[Stored data]

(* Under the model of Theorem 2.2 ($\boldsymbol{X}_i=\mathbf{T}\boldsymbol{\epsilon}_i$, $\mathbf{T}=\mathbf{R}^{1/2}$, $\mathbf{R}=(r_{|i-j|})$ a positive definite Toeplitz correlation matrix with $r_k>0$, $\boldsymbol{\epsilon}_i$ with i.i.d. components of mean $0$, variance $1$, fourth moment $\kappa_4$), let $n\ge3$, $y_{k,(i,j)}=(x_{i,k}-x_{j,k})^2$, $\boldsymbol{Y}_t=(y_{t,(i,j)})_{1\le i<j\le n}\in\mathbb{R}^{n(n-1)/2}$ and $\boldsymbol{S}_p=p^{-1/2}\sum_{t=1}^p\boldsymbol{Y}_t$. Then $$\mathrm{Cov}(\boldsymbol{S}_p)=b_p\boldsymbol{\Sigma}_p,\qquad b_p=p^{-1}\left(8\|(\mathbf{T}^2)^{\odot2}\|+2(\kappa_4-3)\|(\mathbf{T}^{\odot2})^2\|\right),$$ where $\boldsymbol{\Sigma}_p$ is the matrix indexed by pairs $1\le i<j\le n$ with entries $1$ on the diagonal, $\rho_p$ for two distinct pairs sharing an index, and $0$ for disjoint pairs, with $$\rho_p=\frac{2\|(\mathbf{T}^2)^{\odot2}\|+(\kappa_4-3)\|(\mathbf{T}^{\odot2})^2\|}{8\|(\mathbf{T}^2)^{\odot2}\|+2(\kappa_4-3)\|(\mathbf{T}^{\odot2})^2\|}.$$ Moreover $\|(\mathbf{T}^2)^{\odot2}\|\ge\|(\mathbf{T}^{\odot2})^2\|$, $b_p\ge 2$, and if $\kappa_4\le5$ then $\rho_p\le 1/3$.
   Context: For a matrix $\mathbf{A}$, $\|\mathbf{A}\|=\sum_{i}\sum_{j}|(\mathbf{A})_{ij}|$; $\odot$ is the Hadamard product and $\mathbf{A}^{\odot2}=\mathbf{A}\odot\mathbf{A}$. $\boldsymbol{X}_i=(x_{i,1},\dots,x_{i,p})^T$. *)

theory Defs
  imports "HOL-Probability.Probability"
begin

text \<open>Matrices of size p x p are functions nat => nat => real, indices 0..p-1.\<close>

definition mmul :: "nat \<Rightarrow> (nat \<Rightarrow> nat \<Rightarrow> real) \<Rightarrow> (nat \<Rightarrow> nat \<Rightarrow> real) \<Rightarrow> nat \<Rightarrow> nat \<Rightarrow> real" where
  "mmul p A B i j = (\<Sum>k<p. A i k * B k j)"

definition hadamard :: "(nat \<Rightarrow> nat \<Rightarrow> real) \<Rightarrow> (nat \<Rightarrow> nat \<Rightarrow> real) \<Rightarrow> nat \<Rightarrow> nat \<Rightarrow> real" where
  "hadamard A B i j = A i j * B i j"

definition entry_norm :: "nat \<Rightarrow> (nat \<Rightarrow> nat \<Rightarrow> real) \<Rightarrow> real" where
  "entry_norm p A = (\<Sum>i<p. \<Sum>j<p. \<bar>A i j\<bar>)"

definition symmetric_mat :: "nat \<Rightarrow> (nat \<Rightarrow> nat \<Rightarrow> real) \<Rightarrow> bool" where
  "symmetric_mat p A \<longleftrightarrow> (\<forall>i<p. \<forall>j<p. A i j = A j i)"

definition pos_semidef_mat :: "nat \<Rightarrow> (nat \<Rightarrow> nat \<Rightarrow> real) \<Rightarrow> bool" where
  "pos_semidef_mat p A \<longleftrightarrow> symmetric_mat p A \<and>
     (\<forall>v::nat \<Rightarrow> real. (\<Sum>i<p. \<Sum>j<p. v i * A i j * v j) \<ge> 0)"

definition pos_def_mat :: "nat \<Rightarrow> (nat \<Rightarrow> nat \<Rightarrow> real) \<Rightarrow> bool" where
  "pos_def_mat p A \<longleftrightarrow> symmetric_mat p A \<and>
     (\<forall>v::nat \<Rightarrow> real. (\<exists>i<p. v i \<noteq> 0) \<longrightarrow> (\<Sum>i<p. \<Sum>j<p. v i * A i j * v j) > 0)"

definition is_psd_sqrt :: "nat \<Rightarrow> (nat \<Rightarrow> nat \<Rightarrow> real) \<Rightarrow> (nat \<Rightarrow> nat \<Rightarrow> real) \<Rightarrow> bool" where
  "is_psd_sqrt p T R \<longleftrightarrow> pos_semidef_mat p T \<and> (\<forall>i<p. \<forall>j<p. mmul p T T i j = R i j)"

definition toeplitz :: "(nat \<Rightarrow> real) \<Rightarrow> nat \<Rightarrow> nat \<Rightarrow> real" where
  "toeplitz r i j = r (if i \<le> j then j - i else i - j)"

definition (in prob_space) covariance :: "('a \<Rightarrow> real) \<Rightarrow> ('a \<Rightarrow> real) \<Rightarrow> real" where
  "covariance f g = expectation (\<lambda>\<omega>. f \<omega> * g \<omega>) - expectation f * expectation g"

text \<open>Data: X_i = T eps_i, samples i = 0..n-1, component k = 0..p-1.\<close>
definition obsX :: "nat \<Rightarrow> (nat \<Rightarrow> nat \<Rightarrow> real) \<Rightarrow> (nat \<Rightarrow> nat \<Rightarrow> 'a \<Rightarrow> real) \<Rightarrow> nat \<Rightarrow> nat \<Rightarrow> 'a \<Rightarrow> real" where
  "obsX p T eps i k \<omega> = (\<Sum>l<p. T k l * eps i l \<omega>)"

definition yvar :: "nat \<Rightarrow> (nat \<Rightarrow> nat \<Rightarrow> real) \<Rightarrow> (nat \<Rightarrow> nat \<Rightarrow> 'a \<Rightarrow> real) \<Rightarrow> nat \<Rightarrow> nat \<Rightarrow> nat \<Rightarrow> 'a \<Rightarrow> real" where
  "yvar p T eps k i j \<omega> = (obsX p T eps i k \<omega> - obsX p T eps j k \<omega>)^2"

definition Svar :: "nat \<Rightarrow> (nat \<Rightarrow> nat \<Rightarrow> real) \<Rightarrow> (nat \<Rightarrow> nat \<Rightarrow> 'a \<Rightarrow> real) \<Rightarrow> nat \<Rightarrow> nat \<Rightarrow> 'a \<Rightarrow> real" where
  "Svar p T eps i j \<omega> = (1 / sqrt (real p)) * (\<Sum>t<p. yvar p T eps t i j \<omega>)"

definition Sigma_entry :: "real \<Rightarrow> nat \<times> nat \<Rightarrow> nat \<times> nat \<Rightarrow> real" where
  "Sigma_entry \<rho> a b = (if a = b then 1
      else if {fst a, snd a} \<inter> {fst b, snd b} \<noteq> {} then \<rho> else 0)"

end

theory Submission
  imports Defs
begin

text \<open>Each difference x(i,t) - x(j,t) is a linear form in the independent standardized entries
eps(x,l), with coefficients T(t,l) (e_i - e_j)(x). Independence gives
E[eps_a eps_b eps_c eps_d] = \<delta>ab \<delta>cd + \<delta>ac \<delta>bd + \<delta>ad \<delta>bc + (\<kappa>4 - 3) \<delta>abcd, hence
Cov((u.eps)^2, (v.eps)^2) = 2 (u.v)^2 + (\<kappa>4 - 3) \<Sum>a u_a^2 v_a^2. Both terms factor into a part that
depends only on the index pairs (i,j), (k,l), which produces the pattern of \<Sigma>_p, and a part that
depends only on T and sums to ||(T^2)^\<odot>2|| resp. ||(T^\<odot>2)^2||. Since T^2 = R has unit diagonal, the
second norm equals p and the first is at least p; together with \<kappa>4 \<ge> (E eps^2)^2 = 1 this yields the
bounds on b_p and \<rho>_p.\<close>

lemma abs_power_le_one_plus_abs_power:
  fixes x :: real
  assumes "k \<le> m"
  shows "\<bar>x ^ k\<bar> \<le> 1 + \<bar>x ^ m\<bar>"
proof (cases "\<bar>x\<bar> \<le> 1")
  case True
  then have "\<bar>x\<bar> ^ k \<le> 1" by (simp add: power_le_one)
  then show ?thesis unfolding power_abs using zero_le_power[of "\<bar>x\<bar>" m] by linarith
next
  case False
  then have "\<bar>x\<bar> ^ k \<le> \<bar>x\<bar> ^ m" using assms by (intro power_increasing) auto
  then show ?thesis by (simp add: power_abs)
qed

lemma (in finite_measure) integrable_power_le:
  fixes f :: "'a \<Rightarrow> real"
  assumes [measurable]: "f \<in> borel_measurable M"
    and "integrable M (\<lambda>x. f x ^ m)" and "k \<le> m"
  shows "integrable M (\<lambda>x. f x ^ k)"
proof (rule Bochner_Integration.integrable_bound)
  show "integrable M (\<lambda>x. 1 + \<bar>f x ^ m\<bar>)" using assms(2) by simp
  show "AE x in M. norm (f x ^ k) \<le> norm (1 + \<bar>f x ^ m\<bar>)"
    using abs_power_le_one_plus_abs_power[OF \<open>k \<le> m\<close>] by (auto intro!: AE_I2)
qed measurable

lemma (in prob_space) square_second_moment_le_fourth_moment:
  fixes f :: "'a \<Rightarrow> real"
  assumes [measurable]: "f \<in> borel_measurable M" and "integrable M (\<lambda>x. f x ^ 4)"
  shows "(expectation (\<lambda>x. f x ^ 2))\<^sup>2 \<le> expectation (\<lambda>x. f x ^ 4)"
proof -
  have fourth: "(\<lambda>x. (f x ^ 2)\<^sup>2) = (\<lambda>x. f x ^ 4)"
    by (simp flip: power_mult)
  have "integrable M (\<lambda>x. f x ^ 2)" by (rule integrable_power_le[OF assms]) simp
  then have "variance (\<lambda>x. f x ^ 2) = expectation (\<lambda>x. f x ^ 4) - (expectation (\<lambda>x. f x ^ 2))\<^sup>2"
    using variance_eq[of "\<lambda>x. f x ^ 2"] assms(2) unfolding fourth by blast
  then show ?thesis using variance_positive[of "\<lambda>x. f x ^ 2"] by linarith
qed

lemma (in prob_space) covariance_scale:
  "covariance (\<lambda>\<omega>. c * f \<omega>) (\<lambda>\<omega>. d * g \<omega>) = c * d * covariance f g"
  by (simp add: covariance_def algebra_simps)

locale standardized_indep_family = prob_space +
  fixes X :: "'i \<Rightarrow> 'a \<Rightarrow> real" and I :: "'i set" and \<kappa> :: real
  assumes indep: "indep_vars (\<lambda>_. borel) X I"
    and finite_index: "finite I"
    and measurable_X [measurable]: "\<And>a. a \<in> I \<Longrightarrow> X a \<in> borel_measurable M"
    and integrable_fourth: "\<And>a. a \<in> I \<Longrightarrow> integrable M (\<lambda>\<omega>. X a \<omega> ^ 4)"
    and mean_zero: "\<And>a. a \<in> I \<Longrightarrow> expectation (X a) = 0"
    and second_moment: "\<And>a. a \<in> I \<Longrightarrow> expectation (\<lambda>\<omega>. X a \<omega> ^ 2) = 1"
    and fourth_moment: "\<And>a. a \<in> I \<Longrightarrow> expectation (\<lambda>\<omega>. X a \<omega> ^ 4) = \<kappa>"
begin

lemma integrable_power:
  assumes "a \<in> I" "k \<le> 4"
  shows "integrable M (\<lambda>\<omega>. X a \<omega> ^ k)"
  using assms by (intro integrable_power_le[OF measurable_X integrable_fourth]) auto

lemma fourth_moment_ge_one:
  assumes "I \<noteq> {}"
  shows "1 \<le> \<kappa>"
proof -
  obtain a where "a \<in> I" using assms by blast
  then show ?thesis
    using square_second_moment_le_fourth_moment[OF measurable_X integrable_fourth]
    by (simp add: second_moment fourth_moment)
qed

==

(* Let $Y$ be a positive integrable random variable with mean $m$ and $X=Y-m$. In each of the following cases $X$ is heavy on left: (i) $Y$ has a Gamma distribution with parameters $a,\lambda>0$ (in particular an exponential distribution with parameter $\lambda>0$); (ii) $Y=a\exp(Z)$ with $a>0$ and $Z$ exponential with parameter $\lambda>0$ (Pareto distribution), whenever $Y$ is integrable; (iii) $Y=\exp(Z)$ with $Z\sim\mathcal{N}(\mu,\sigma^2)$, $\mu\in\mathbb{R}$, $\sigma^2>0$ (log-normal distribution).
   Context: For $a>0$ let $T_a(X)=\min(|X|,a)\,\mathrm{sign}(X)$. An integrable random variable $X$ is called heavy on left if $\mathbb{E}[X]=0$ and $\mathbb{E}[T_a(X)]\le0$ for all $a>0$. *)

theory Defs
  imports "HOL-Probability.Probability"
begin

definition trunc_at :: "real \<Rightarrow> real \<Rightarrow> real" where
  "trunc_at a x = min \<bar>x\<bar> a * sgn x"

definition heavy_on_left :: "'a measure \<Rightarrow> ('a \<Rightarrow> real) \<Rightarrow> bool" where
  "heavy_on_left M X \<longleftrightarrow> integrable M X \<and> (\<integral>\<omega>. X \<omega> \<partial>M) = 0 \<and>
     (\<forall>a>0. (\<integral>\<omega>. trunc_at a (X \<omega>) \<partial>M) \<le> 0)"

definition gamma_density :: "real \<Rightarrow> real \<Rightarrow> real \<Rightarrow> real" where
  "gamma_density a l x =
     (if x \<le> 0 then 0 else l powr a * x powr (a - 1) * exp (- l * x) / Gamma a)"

* _Required action_
Looking at the entries above, can you reproduce exactly the lines from the one that holds "depends only on T and" through the one that holds "by (simp add: covariance_def algebra_simps)", and only those?

* _Exercise response_
depends only on T and sums to ||(T^2)^\<odot>2|| resp. ||(T^\<odot>2)^2||. Since T^2 = R has unit diagonal, the
second norm equals p and the first is at least p; together with \<kappa>4 \<ge> (E eps^2)^2 = 1 this yields the
bounds on b_p and \<rho>_p.\<close>

lemma abs_power_le_one_plus_abs_power:
  fixes x :: real
  assumes "k \<le> m"
  shows "\<bar>x ^ k\<bar> \<le> 1 + \<bar>x ^ m\<bar>"
proof (cases "\<bar>x\<bar> \<le> 1")
  case True
  then have "\<bar>x\<bar> ^ k \<le> 1" by (simp add: power_le_one)
  then show ?thesis unfolding power_abs using zero_le_power[of "\<bar>x\<bar>" m] by linarith
next
  case False
  then have "\<bar>x\<bar> ^ k \<le> \<bar>x\<bar> ^ m" using assms by (intro power_increasing) auto
  then show ?thesis by (simp add: power_abs)
qed

lemma (in finite_measure) integrable_power_le:
  fixes f :: "'a \<Rightarrow> real"
  assumes [measurable]: "f \<in> borel_measurable M"
    and "integrable M (\<lambda>x. f x ^ m)" and "k \<le> m"
  shows "integrable M (\<lambda>x. f x ^ k)"
proof (rule Bochner_Integration.integrable_bound)
  show "integrable M (\<lambda>x. 1 + \<bar>f x ^ m\<bar>)" using assms(2) by simp
  show "AE x in M. norm (f x ^ k) \<le> norm (1 + \<bar>f x ^ m\<bar>)"
    using abs_power_le_one_plus_abs_power[OF \<open>k \<le> m\<close>] by (auto intro!: AE_I2)
qed measurable

lemma (in prob_space) square_second_moment_le_fourth_moment:
  fixes f :: "'a \<Rightarrow> real"
  assumes [measurable]: "f \<in> borel_measurable M" and "integrable M (\<lambda>x. f x ^ 4)"
  shows "(expectation (\<lambda>x. f x ^ 2))\<^sup>2 \<le> expectation (\<lambda>x. f x ^ 4)"
proof -
  have fourth: "(\<lambda>x. (f x ^ 2)\<^sup>2) = (\<lambda>x. f x ^ 4)"
    by (simp flip: power_mult)
  have "integrable M (\<lambda>x. f x ^ 2)" by (rule integrable_power_le[OF assms]) simp
  then have "variance (\<lambda>x. f x ^ 2) = expectation (\<lambda>x. f x ^ 4) - (expectation (\<lambda>x. f x ^ 2))\<^sup>2"
    using variance_eq[of "\<lambda>x. f x ^ 2"] assms(2) unfolding fourth by blast
  then show ?thesis using variance_positive[of "\<lambda>x. f x ^ 2"] by linarith
qed

lemma (in prob_space) covariance_scale:
  "covariance (\<lambda>\<omega>. c * f \<omega>) (\<lambda>\<omega>. d * g \<omega>) = c * d * covariance f g"
  by (simp add: covariance_def algebra_simps)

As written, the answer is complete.